Polifonías: Lugar Común

Tres abuelos

Luis Chaves
cuervos@racsa.co.cr

Y tuve un abuelo postizo, hermano de mi abuelo paterno. Virgilio. El tío abuelo menos soltero que solitario, introvertido... Siempre me intrigó ese universo suyo inaccesible y la sensibilidad particular....

Hay algo que los viejos comparten. Ayer en un parque contemplé por varias horas a unos ancianos que convertían la mecánica ordinaria de alimentar a las palomas en un fenómeno metafísico. Esa forma de mirar y de moverse que, si bien es una acción en el presente, parece ubicarse no en el pasado sino en ese futuro que, por estadística, les es cada minuto más cercano. Entonces dejan de ser personas y se transforman en la vejez (que -sabemos- es el grupo telonero de la muerte). Ayer mismo, al descubrirme al borde de reflexiones tan lúgubres, decidí pensar en mis abuelos.

Mi abuelo materno, "el Don", tenía un taller de imprenta. Recuerdo caminar entre las patas de las mesas, coleccionar los sobrantes de sobres de manila, marearme deliciosamente con el olor del pegamento, oír la música concreta de las guillotinas accionadas manual y rítmicamente. El Don tuvo una vida desordenada, a tropezones. Probablemente atormentado por el reflejo de sí mismo que le devolvía su entorno, al final de la vida trató de reivindicarse convirtiéndose en un proto-protestante. La fe, esa prótesis de la voluntad y la razón. Pequeño y con pelos blancos asomados por sus orejas grandes, parecía pariente del Yoda. Suyo era el radio de transistores que, en las tardes, nos reunía para el Ja-ja del aire y Tres Patines.

Chaco, mi abuelo paterno, padre de once hijos, fue, además de zapatero, homeópata autodidacto. De niño me hipnotizaban, en su cuarto, los rayos de luz que atravesaban las decenas de frasquitos de vidrio ámbar, esos donde luego él depositaba las bolitas de azúcar que me curaron a mí y al resto de sus nietos de toda enfermedad curable. Fue un herediano estricto pero hogareño que logró transmitir el sentido de familia a su progenie numerosa.

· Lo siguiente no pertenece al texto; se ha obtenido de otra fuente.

(* Let $\Gamma$ be a 3-colex and $E$ an $X$-type error on the color code on $\Gamma$. For each color $c\in\{r,b,g,y\}$ let $S_c$ be an $X$-stabilizer generator of the 3D toric code on $\Gamma^{*\setminus c}$. Then there is an $X$-stabilizer $S$ of the color code such that $$\partial E+\sum_c\mathrm{supp}(S_c)=\partial(ES),$$ with sums taken mod 2.
   Context: Colors are $\{r,b,g,y\}$. A 3-colex $\Gamma$ is a 3-dimensional cell complex without boundary in which every vertex is 4-valent and lies in exactly four 3-cells, and whose 3-cells are properly 4-colored: every face lies in exactly two 3-cells, which have different colors. The dual complex $\Gamma^*$ has an $i$-cell for every $(3-i)$-cell of $\Gamma$, with incidences reversed; every 3-cell of $\Gamma^*$ is a tetrahedron. A vertex of $\Gamma^*$ is given the color of the corresponding 3-cell of $\Gamma$, so the four vertices of each tetrahedron have distinct colors. A face of $\Gamma^*$ is a $c$-face if none of its vertices has color $c$. The 3D color code on $\Gamma$ has one qubit per tetrahedron $\nu$ of $\Gamma^*$ and $X$-stabilizer generators $B^X_v=\prod_{\nu\ni v}X_\nu$ for vertices $v$ of $\Gamma^*$; its $X$-stabilizers are products of these. The minor complex $\Gamma^{*\setminus c}$ is obtained from $\Gamma^*$ by deleting all vertices of color $c$ together with all edges and faces incident to them; its faces are the $c$-faces of $\Gamma^*$ and its 3-cells are obtained by merging, for each $c$-vertex, the tetrahedra containing it. The 3D toric code on $\Gamma^{*\setminus c}$ has qubits on faces and $X$-stabilizer generators $\prod_{f\in\partial\mu}X_f$ for 3-cells $\mu$. The support of an operator is the mod-2 formal sum (set) of cells on which it acts nontrivially. For $E=\prod_{\nu\in\Omega}X_\nu$, $\partial E=\sum_{\nu\in\Omega}\partial\nu$ (mod 2), where $\partial\nu$ is the set of four faces of the tetrahedron $\nu$. *)

theory Defs
  imports Main
begin

datatype color = Red | Blue | Green | Yellow

text \<open>V: vertices of the dual complex (one per 3-cell of the colex), coloured by col;
  F: faces (triangles); T: tetrahedra (3-cells of the dual complex).
  fv f: vertex set of face f; tv t: vertex set of tetrahedron t;
  bd t: the four faces of tetrahedron t.\<close>

definition dual_colex ::
  "'v set \<Rightarrow> 'f set \<Rightarrow> 't set \<Rightarrow> ('v \<Rightarrow> color) \<Rightarrow> ('f \<Rightarrow> 'v set) \<Rightarrow> ('t \<Rightarrow> 'v set)
   \<Rightarrow> ('t \<Rightarrow> 'f set) \<Rightarrow> bool" where
  "dual_colex V F T col fv tv bd \<longleftrightarrow>
     finite V \<and> finite F \<and> finite T \<and>
     (\<forall>t\<in>T. tv t \<subseteq> V \<and> card (tv t) = 4 \<and> inj_on col (tv t) \<and>
              bd t \<subseteq> F \<and> card (bd t) = 4 \<and> inj_on fv (bd t) \<and>
              (\<forall>f\<in>bd t. fv f \<subseteq> tv t)) \<and>
     (\<forall>f\<in>F. fv f \<subseteq> V \<and> card (fv f) = 3 \<and> card {t\<in>T. f \<in> bd t} = 2) \<and>
     (\<forall>v\<in>V. \<exists>t\<in>T. v \<in> tv t)"

text \<open>Boundary (mod 2) of an X-type operator on the colour code, given by its support
  (a set of tetrahedra): each face counted with multiplicity mod 2.\<close>
definition bdry :: "'f set \<Rightarrow> 't set \<Rightarrow> ('t \<Rightarrow> 'f set) \<Rightarrow> 't set \<Rightarrow> 'f set" where
  "bdry F T bd \<Omega> = {f\<in>F. odd (card {t\<in>\<Omega> \<inter> T. f \<in> bd t})}"

definition cc_gen_supp :: "'t set \<Rightarrow> ('t \<Rightarrow> 'v set) \<Rightarrow> 'v \<Rightarrow> 't set" where
  "cc_gen_supp T tv v = {t\<in>T. v \<in> tv t}"

definition cc_X_stabilizers :: "'v set \<Rightarrow> 't set \<Rightarrow> ('t \<Rightarrow> 'v set) \<Rightarrow> 't set set" where
  "cc_X_stabilizers V T tv =
     {{t\<in>T. odd (card {v\<in>W. t \<in> cc_gen_supp T tv v})} | W. W \<subseteq> V}"

text \<open>Minor complex without colour c: faces are the c-faces; 3-cells are indexed by
  the c-vertices v (merging of the tetrahedra containing v).\<close>
definition c_faces :: "'f set \<Rightarrow> ('v \<Rightarrow> color) \<Rightarrow> ('f \<Rightarrow> 'v set) \<Rightarrow> color \<Rightarrow> 'f set" where
  "c_faces F col fv c = {f\<in>F. \<forall>u\<in>fv f. col u \<noteq> c}"

definition minor_cell_bdry ::
  "'f set \<Rightarrow> 't set \<Rightarrow> ('v \<Rightarrow> color) \<Rightarrow> ('f \<Rightarrow> 'v set) \<Rightarrow> ('t \<Rightarrow> 'v set) \<Rightarrow> ('t \<Rightarrow> 'f set)
   \<Rightarrow> color \<Rightarrow> 'v \<Rightarrow> 'f set" where
  "minor_cell_bdry F T col fv tv bd c v =
     {f\<in>c_faces F col fv c. odd (card {t\<in>T. v \<in> tv t \<and> f \<in> bd t})}"

definition toric_X_gens ::
  "'v set \<Rightarrow> 'f set \<Rightarrow> 't set \<Rightarrow> ('v \<Rightarrow> color) \<Rightarrow> ('f \<Rightarrow> 'v set) \<Rightarrow> ('t \<Rightarrow> 'v set)
   \<Rightarrow> ('t \<Rightarrow> 'f set) \<Rightarrow> color \<Rightarrow> 'f set set" where
  "toric_X_gens V F T col fv tv bd c =
     {minor_cell_bdry F T col fv tv bd c v | v. v \<in> V \<and> col v = c}"

definition sum_mod2 :: "(color \<Rightarrow> 'f set) \<Rightarrow> 'f set" where
  "sum_mod2 A = {f. odd (card {c. f \<in> A c})}"

end

theory Submission
  imports Defs "HOL-Library.Z2"
begin

text \<open>Choose for every colour c a c-vertex v_c whose merged cell has boundary S_c, and let S be
  the product of the colour code generators at these four vertices. The boundary of a generator
  B_v is exactly the boundary of the merged cell of v in the minor complex without colour col v:
  a face through v lies in two tetrahedra, both containing v, so it cancels, and a face of a
  tetrahedron through v that misses v has no vertex of colour col v since the colours of a
  tetrahedron are distinct. The boundary map is additive mod 2, so
  \<partial>(ES) = \<partial>E + \<partial>S = \<partial>E + \<Sum>_c S_c.\<close>

lemma of_nat_bit_eq_of_bool_odd: "(of_nat n :: bit) = of_bool (odd n)"
  by (induction n) auto

lemma of_bool_add_bit: "of_bool P + of_bool Q = (of_bool (P \<noteq> Q) :: bit)"
  by auto

lemma of_bool_odd_card_filter:
  assumes "finite A"
  shows "of_bool (odd (card {x\<in>A. P x})) = (\<Sum>x\<in>A. of_bool (P x) :: bit)"
proof -
  have "{x\<in>A. P x} = A \<inter> {x. P x}" by blast
  then show ?thesis using assms by (simp add: of_nat_bit_eq_of_bool_odd)
qed

lemma bdry_subset: "bdry F T bd X \<subseteq> F"
  by (auto simp: bdry_def)

lemma of_bool_mem_bdry:
  assumes "finite T" and "f \<in> F"
  shows "of_bool (f \<in> bdry F T bd X) = (\<Sum>t\<in>T. of_bool (t \<in> X \<and> f \<in> bd t) :: bit)"
proof -
  have "{t\<in>X \<inter> T. f \<in> bd t} = {t\<in>T. t \<in> X \<and> f \<in> bd t}" by blast
  then show ?thesis
    using assms of_bool_odd_card_filter[OF assms(1)] by (simp add: bdry_def)
qed

lemma bdry_symdiff:
  assumes "finite T"
  shows "bdry F T bd ((A - B) \<union> (B - A))
           = (bdry F T bd A - bdry F T bd B) \<union> (bdry F T bd B - bdry F T bd A)"
proof (rule set_eqI)
  fix f
  show "f \<in> bdry F T bd ((A - B) \<union> (B - A))
          \<longleftrightarrow> f \<in> (bdry F T bd A - bdry F T bd B) \<union> (bdry F T bd B - bdry F T bd A)"
  proof (cases "f \<in> F")
    case True
    have "of_bool (f \<in> bdry F T bd ((A - B) \<union> (B - A)))
          = (\<Sum>t\<in>T. of_bool (t \<in> A \<and> f \<in> bd t) + of_bool (t \<in> B \<and> f \<in> bd t) :: bit)"
      unfolding of_bool_mem_bdry[OF assms True] of_bool_add_bit
      by (intro sum.cong refl arg_cong[where f = of_bool]) blast
    also have "\<dots> = of_bool (f \<in> bdry F T bd A) + of_bool (f \<in> bdry F T bd B)"
      by (simp only: sum.distrib of_bool_mem_bdry[OF assms True])
    also have "\<dots> = of_bool ((f \<in> bdry F T bd A) \<noteq> (f \<in> bdry F T bd B))"
      by (rule of_bool_add_bit)
    finally have "f \<in> bdry F T bd ((A - B) \<union> (B - A))
                    \<longleftrightarrow> (f \<in> bdry F T bd A) \<noteq> (f \<in> bdry F T bd B)"
      by (rule iffD1[OF of_bool_eq_iff])
    then show ?thesis by blast
  next
    case False
    then have "f \<notin> bdry F T bd X" for X
      using bdry_subset[of F T bd X] by blast
    then show ?thesis by simp
  qed
qed

lemma bdry_odd_sum:
  assumes "finite T" and "finite I"
  shows "bdry F T bd {t\<in>T. odd (card {i\<in>I. t \<in> G i})}
           = {f. odd (card {i\<in>I. f \<in> bdry F T bd (G i)})}"
proof (rule set_eqI)
  fix f
  show "f \<in> bdry F T bd {t\<in>T. odd (card {i\<in>I. t \<in> G i})}
          \<longleftrightarrow> f \<in> {f. odd (card {i\<in>I. f \<in> bdry F T bd (G i)})}"
  proof (cases "f \<in> F")
    case True
    have "of_bool (f \<in> bdry F T bd {t\<in>T. odd (card {i\<in>I. t \<in> G i})})
          = (\<Sum>t\<in>T. (\<Sum>i\<in>I. of_bool (t \<in> G i)) * of_bool (f \<in> bd t) :: bit)"
      unfolding of_bool_mem_bdry[OF assms(1) True] of_bool_odd_card_filter[OF assms(2), symmetric]
        of_bool_conj[symmetric]
      by (intro sum.cong refl arg_cong[where f = of_bool]) blast
    also have "\<dots> = (\<Sum>i\<in>I. \<Sum>t\<in>T. of_bool (t \<in> G i \<and> f \<in> bd t))"
      by (simp only: sum_distrib_right sum.swap[of _ T] of_bool_conj)
    also have "\<dots> = of_bool (odd (card {i\<in>I. f \<in> bdry F T bd (G i)}))"
      by (simp only: of_bool_mem_bdry[OF assms(1) True] of_bool_odd_card_filter[OF assms(2)])
    finally have "f \<in> bdry F T bd {t\<in>T. odd (card {i\<in>I. t \<in> G i})}
                    \<longleftrightarrow> odd (card {i\<in>I. f \<in> bdry F T bd (G i)})"
      by (rule iffD1[OF of_bool_eq_iff])
    then show ?thesis by simp
  next
    case False
    then have no_bdry: "f \<notin> bdry F T bd X" for X
      using bdry_subset[of F T bd X] by blast
    then have "{i\<in>I. f \<in> bdry F T bd (G i)} = {}"
      by blast
    then show ?thesis
      using no_bdry by simp
  qed
qed

instance color :: finite
proof
  have "(UNIV :: color set) \<subseteq> {Red, Blue, Green, Yellow}"
    by (auto intro: color.exhaust)
  then show "finite (UNIV :: color set)"
    by (rule finite_subset) simp
qed

lemma bdry_cc_gen_supp:
  assumes "dual_colex V F T col fv tv bd"
  shows "bdry F T bd (cc_gen_supp T tv v) = minor_cell_bdry F T col fv tv bd (col v) v"
proof -
  have face_in_two: "card {t\<in>T. f \<in> bd t} = 2" if "f \<in> F" for f
    using assms that unfolding dual_colex_def by blast
  have face_of_tet: "fv f \<subseteq> tv t" "inj_on col (tv t)" if "t \<in> T" "f \<in> bd t" for t f
    using assms that unfolding dual_colex_def by blast+
  have "f \<in> c_faces F col fv (col v)"
    if f: "f \<in> F" and odd: "odd (card {t\<in>T. v \<in> tv t \<and> f \<in> bd t})" for f
  proof -
    have "v \<notin> fv f"
    proof
      assume "v \<in> fv f"
      then have "{t\<in>T. v \<in> tv t \<and> f \<in> bd t} = {t\<in>T. f \<in> bd t}"
        using face_of_tet by blast
      then show False using odd face_in_two[OF f] by simp
    qed
    moreover obtain t where t: "t \<in> T" "v \<in> tv t" "f \<in> bd t"
      using odd by (metis (no_types, lifting) card.empty empty_Collect_eq odd_card_imp_not_empty)
    ultimately show ?thesis
      using f face_of_tet[OF t(1,3)] t(2) by (auto simp: c_faces_def inj_on_def)
  qed
  moreover have "c_faces F col fv (col v) \<subseteq> F"
    by (auto simp: c_faces_def)
  moreover have "{t\<in>cc_gen_supp T tv v \<inter> T. f \<in> bd t} = {t\<in>T. v \<in> tv t \<and> f \<in> bd t}" for f
    by (auto simp: cc_gen_supp_def)
  ultimately show ?thesis
    unfolding bdry_def minor_cell_bdry_def by auto
qed

theorem lemma9:
  fixes V :: "'v set" and F :: "'f set" and T :: "'t set"
    and col :: "'v \<Rightarrow> color" and fv :: "'f \<Rightarrow> 'v set" and tv :: "'t \<Rightarrow> 'v set"
    and bd :: "'t \<Rightarrow> 'f set" and E :: "'t set" and Sc :: "color \<Rightarrow> 'f set"
  assumes "dual_colex V F T col fv tv bd"
    and "E \<subseteq> T"
    and "\<forall>c. Sc c \<in> toric_X_gens V F T col fv tv bd c"
  shows "\<exists>S\<in>cc_X_stabilizers V T tv.
           bdry F T bd E \<union> sum_mod2 Sc - (bdry F T bd E \<inter> sum_mod2 Sc)
           = bdry F T bd ((E - S) \<union> (S - E))"
proof -
  have "finite T" using assms(1) by (simp add: dual_colex_def)
  have "\<forall>c. \<exists>w. w \<in> V \<and> col w = c \<and> Sc c = minor_cell_bdry F T col fv tv bd c w"
    using assms(3) unfolding toric_X_gens_def by blast
  then obtain v where v: "\<And>c. v c \<in> V" "\<And>c. col (v c) = c"
    and Sc_v: "\<And>c. Sc c = minor_cell_bdry F T col fv tv bd c (v c)"
    by metis
  define S where "S = {t\<in>T. odd (card {c. t \<in> cc_gen_supp T tv (v c)})}"
  have "inj v" by (metis injI v(2))
  have "{w\<in>range v. t \<in> cc_gen_supp T tv w} = v ` {c. t \<in> cc_gen_supp T tv (v c)}" for t
    by auto
  then have "S = {t\<in>T. odd (card {w\<in>range v. t \<in> cc_gen_supp T tv w})}"
    using \<open>inj v\<close> by (simp add: S_def card_image inj_on_subset[of v UNIV])
  then have "S \<in> cc_X_stabilizers V T tv"
    using v(1) unfolding cc_X_stabilizers_def by blast
  moreover have "Sc c = bdry F T bd (cc_gen_supp T tv (v c))" for c
    using bdry_cc_gen_supp[OF assms(1), of "v c"] Sc_v v(2) by simp
  then have "bdry F T bd S = sum_mod2 Sc"
    using bdry_odd_sum[OF \<open>finite T\<close> finite_UNIV, where G = "\<lambda>c. cc_gen_supp T tv (v c)"]
    by (simp add: S_def sum_mod2_def)
  ultimately show ?thesis
    using bdry_symdiff[OF \<open>finite T\<close>, of F bd E S] by blast
qed

end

Y tuve un abuelo postizo, hermano de mi abuelo paterno. Virgilio. El tío abuelo menos soltero que solitario, introvertido. Sin mayores posesiones materiales que los pájaros que cazaba en delicadas jaulas fabricadas por él mismo. Con debilidad por el alcohol, cuando no lo alcanzaba el delirium tremens en la calle, dormía donde su hermano. Era ese típico familiar que se queda solo en casa ajena, por ejemplo, el 31 de diciembre. Siempre me intrigó ese universo suyo inaccesible y la sensibilidad particular, nada convencional, que acaso develaba en ocasiones contadas. Alguna noche, que pasó en casa para cuidarnos a mi hermano y a mí, entré a la habitación y sentados en la cama vimos un episodio de la serie Kung Fu. No cruzamos palabra pero fue la única vez que sentí que conversamos de verdad.

El Don murió perseguido por visiones apocalípticas en una cama de hospital, disminuido por el cáncer. Chaco en su casa, rodeado de la familia que logró mantener unida. Virgilio murió solo en una habitación en la que lo encontraron horas después. Me gusta imaginarlo yéndose tranquilo, pausado, sus huellas atrás en la arena del desierto, mientras en la pantalla bajan los créditos sobre la silueta en retirada de Kwai Chang Kein.